Legendary speculator Rick Rule tells a story about how he made—and lost—a fortune by having the bad luck of getting started during a roaring bull market. “I mistook luck for brains,” he says. It’s a great cautionary tale, but one few remember when they get lucky on a speculation. And that can be very dangerous.
On the other paw, Doug Casey used to always tell me he’d rather be lucky than smart.
We have to take that with a big grain of salt, however, because Doug is smart. And his “luck” is the result of decades of experience Perhaps most telling of all is that Doug always insists that successful speculators are not just gamblers. A random chance is not a good speculation. A great speculation is one on which the odds are strongly stacked in your favor.
I was reminded of all this by a recent encounter with an investor who’d made a fortune on one stock, but was deeply underwater on the rest of his portfolio. Given the stocks mentioned, it seemed to me to be a case of the great misfortune of getting lucky early in the game. That turned this investor into a reckless gambler, not a disciplined speculator.
I’ve run into many investors like this over the years. They boast about their great skills, mistaking an outlier on the bell curve for pure genius. Then they quietly slink away when the bulk of the bell curve comes back to bury them in a landslide of bad “luck”.
The misfortune of beginner’s luck is obvious and easily mitigated with discipline—but the misfortune of great luck for experienced speculators is more insidious and can destroy fortunes.
The psychology is the same: we mistake good luck for brains.
What makes this more dangerous is that savvy speculators know we weren’t just throwing darts at a list of stocks. We’ve applied brains to our selections—so obviously our great success was due to our brains, right?
Of course not. It’s always a combination of brains and luck—but just how much of it is luck is painful to the ego.
Back in my Casey Research days, I recommended a company called Staccato Resources. The stock was a 10-bagger (1,000% gain) for me, based on a series of drill holes that delivered high-grade gold at the old Lookout Mountain gold mine in Nevada. But then connecting the dots turned out much harder than expected (or dreamed). The company put out a small and lower grade resource estimate than hoped, and the stock tanked.
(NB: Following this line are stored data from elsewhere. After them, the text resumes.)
lemma bloch_norm_tendsto_zero_imp_tendsto:
  assumes hol: "\<And>n. hol_fun (H n)" and lim: "(\<lambda>n. bloch_norm (H n)) \<longlonglongrightarrow> 0" and x: "x \<in> BE"
  shows "(\<lambda>n. H n x) \<longlonglongrightarrow> 0"
proof (rule LIMSEQ_I)
  fix e :: real
  assume e: "e > 0"
  define D where "D = 1 - (l2norm x)\<^sup>2"
  have D: "D > 0"
    using l2norm_power2_less_1[OF x] by (simp add: D_def)
  obtain N where N: "\<And>n. n \<ge> N \<Longrightarrow> bloch_norm (H n) < ereal (e * D / 2)"
    using order_tendstoD(2)[OF lim, of "ereal (e * D / 2)"] e D
    by (auto simp: eventually_sequentially zero_ereal_def)
  have "cmod (H n x) < e" if "n \<ge> N" for n
  proof -
    have "cmod (H n x) \<le> (e * D / 2) / D"
      using norm_le_bloch_norm[OF hol x less_imp_le[OF N[OF that]]] by (simp add: D_def)
    also have "\<dots> < e"
      using e D by simp
    finally show ?thesis .
  qed
  then show "\<exists>N. \<forall>n\<ge>N. norm (H n x - 0) < e"
    by auto
qed

lemma cbloch_semi_upper:
  "t \<in> ball 0 1 \<Longrightarrow> ereal ((1 - (cmod t)\<^sup>2) * cmod (deriv G t)) \<le> cbloch_semi G"
  unfolding cbloch_semi_def by (rule SUP_upper2) auto

lemma cbloch_semi_nonneg: "cbloch_semi F \<ge> 0"
  unfolding cbloch_semi_def by (rule SUP_upper2[of 0]) auto

lemma cbloch_norm_nonneg: "cbloch_norm F \<ge> 0"
  unfolding cbloch_norm_def using cbloch_semi_nonneg[of F] by simp

lemma bloch_semi_coordinate_le:
  fixes k :: 'g
  assumes G: "G holomorphic_on ball 0 1"
  shows "bloch_semi (\<lambda>x. G (x k)) \<le> cbloch_semi G"
  unfolding bloch_semi_def
proof (rule SUP_least)
  fix x :: "'g vec"
  assume x: "x \<in> BE"
  have "(cmod (x k))\<^sup>2 \<le> (l2norm x)\<^sup>2"
    using x by (simp add: BE_iff norm_le_l2norm power_mono)
  then have "(1 - (l2norm x)\<^sup>2) * l2norm (grad (\<lambda>x. G (x k)) x)
      \<le> (1 - (cmod (x k))\<^sup>2) * cmod (deriv G (x k))"
    by (simp add: grad_coordinate[OF G x] l2norm_smul mult_right_mono)
  then show "ereal ((1 - (l2norm x)\<^sup>2) * l2norm (grad (\<lambda>x. G (x k)) x)) \<le> cbloch_semi G"
    using cbloch_semi_upper[of "x k" G] norm_less_1_if_BE[OF x] by (meson ereal_less_eq(3) order_trans mem_ball_0)
qed

lemma inv_norm_coordinate_le:
  fixes k :: 'g
  assumes G: "G holomorphic_on ball 0 1"
  shows "inv_norm (\<lambda>x. G (x k)) \<le> cbloch_semi G"
  unfolding inv_norm_def
proof (rule SUP_least)
  fix x :: "'g vec"
  assume x: "x \<in> BE"
  have lx: "is_l2 x"
    using x by (simp add: BE_iff)
  have "grad ((\<lambda>x. G (x k)) \<circ> mobius x) zerovec = smul (cnj (deriv G (x k))) (mobius_deriv x (basis_vec k))"
    using grad_mobius_compose[OF hol_fun_coordinate[OF G] x] grad_coordinate[OF G x] lx
    by (simp add: mobius_deriv_smul)
  then have "l2norm (grad ((\<lambda>x. G (x k)) \<circ> mobius x) zerovec)
      = cmod (deriv G (x k)) * l2norm (mobius_deriv x (basis_vec k))"
    using lx by (simp add: l2norm_smul)
  also have "\<dots> \<le> (1 - (cmod (x k))\<^sup>2) * cmod (deriv G (x k))"
    using mult_right_mono[OF l2norm_mobius_deriv_basis_vec[OF x, of k] norm_ge_zero[of "deriv G (x k)"]]
    by (simp add: mult.commute)
  finally show "ereal (l2norm (grad ((\<lambda>x. G (x k)) \<circ> mobius x) zerovec)) \<le> cbloch_semi G"
    using cbloch_semi_upper[of "x k" G] norm_less_1_if_BE[OF x] by (meson ereal_less_eq(3) order_trans mem_ball_0)
qed

lemma coordinate_in_bloch_space:
  assumes "F \<in> cbloch_space"
  shows "(\<lambda>x. F (x k)) \<in> bloch_space"
proof -
  have "F holomorphic_on ball 0 1" "cbloch_semi F < \<infinity>"
    using assms by (auto simp: cbloch_space_def)
  then show ?thesis
    using hol_fun_coordinate bloch_semi_coordinate_le[of F k]
    by (auto simp: bloch_space_def intro: le_less_trans)
qed

lemma bloch_norm_coordinate_le:
  "G holomorphic_on ball 0 1 \<Longrightarrow> bloch_norm (\<lambda>x. G (x k)) \<le> cbloch_norm G"
  unfolding bloch_norm_def cbloch_norm_def
  using inv_norm_coordinate_le[of G k] by (simp add: zerovec_def add_left_mono)

lemma has_field_derivative_slice:
  assumes h: "hol_fun h" and t: "cmod t < 1"
  shows "((\<lambda>s. h (smul s (basis_vec l))) has_field_derivative cnj (grad h (smul t (basis_vec l)) l)) (at t)"
  using has_grad_slice_derivative[OF has_grad_grad[OF h smul_basis_vec_in_BE[OF t]]] by simp

lemma holomorphic_on_slice: "hol_fun h \<Longrightarrow> (\<lambda>s. h (smul s (basis_vec l))) holomorphic_on ball 0 1"
  unfolding holomorphic_on_open[OF open_ball] using has_field_derivative_slice by (metis mem_ball_0)

lemma slice_deriv_le:
  assumes h: "hol_fun h" and t: "cmod t < 1"
  shows "(1 - (cmod t)\<^sup>2) * cmod (deriv (\<lambda>s. h (smul s (basis_vec l))) t)
       \<le> (1 - (l2norm (smul t (basis_vec l)))\<^sup>2) * l2norm (grad h (smul t (basis_vec l)))"
proof -
  have "deriv (\<lambda>s. h (smul s (basis_vec l))) t = cnj (grad h (smul t (basis_vec l)) l)"
    using has_field_derivative_slice[OF h t] by (rule DERIV_imp_deriv)
  moreover have "cmod (grad h (smul t (basis_vec l)) l) \<le> l2norm (grad h (smul t (basis_vec l)))"
    using is_l2_grad[OF h smul_basis_vec_in_BE[OF t]] by (rule norm_le_l2norm)
  ultimately show ?thesis
    using t by (simp add: l2norm_smul abs_square_less_1 mult_left_mono)
qed

lemma cbloch_semi_slice_le_bloch_semi:
  "hol_fun h \<Longrightarrow> cbloch_semi (\<lambda>s. h (smul s (basis_vec l))) \<le> bloch_semi h"
  unfolding cbloch_semi_def bloch_semi_def
  by (rule SUP_least, rule SUP_upper2[OF smul_basis_vec_in_BE])
     (auto intro: slice_deriv_le)

lemma cbloch_semi_slice_le_inv_norm:
  assumes h: "hol_fun h"
  shows "cbloch_semi (\<lambda>s. h (smul s (basis_vec l))) \<le> inv_norm h"
  unfolding cbloch_semi_def
proof (rule SUP_least)
  fix t :: complex
  assume "t \<in> ball 0 1"
  then have t: "cmod t < 1"
    by simp
  show "ereal ((1 - (cmod t)\<^sup>2) * cmod (deriv (\<lambda>s. h (smul s (basis_vec l))) t)) \<le> inv_norm h"
    using slice_deriv_le[OF h t, of l] inv_norm_lower[OF h smul_basis_vec_in_BE[OF t]]
    by (meson ereal_less_eq(3) order_trans)
qed

lemma slice_in_cbloch_space:
  assumes "h \<in> bloch_space"
  shows "(\<lambda>s. h (smul s (basis_vec l))) \<in> cbloch_space"
proof -
  have "hol_fun h" "bloch_semi h < \<infinity>"
    using assms by (auto simp: bloch_space_def)
  then show ?thesis
    using holomorphic_on_slice cbloch_semi_slice_le_bloch_semi[of h l]
    by (auto simp: cbloch_space_def intro: le_less_trans)
qed

lemma cbloch_norm_slice_le:
  "hol_fun h \<Longrightarrow> cbloch_norm (\<lambda>s. h (smul s (basis_vec l))) \<le> bloch_norm h"
  unfolding cbloch_norm_def bloch_norm_def
  using cbloch_semi_slice_le_inv_norm[of h l] by (simp add: smul_def zerovec_def add_left_mono)

section \<open>Compactness of the composition operator\<close>

lemma compact_comp_op_in_bloch_space:
  "compact_comp_op \<phi> \<Longrightarrow> f \<in> bloch_space \<Longrightarrow> (\<lambda>x. f (\<phi> x)) \<in> bloch_space"
  unfolding compact_comp_op_def by (auto simp: comp_def)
Those who followed the standard procedure of taking profits on the way up were fine, but those who didn’t, or who came to the story late in the game, lost a lot of money. The speculation was a win for me, but not because I picked a great gold discovery—I just got lucky.
It gets even trickier…
A recent big win for me was SilverCrest (SIL.V). I originally picked the stock toward the end of my Casey days. The story management was pitching at the time was that they had a known, but misunderstood bonanza-grade silver vein called William Tell. This was parallel to the Las Chispas vein which had been the source of bonanza-grade production in the past, and is why the project is called Las Chispas. The hope was that William Tell would turn out to be another Las Chispas.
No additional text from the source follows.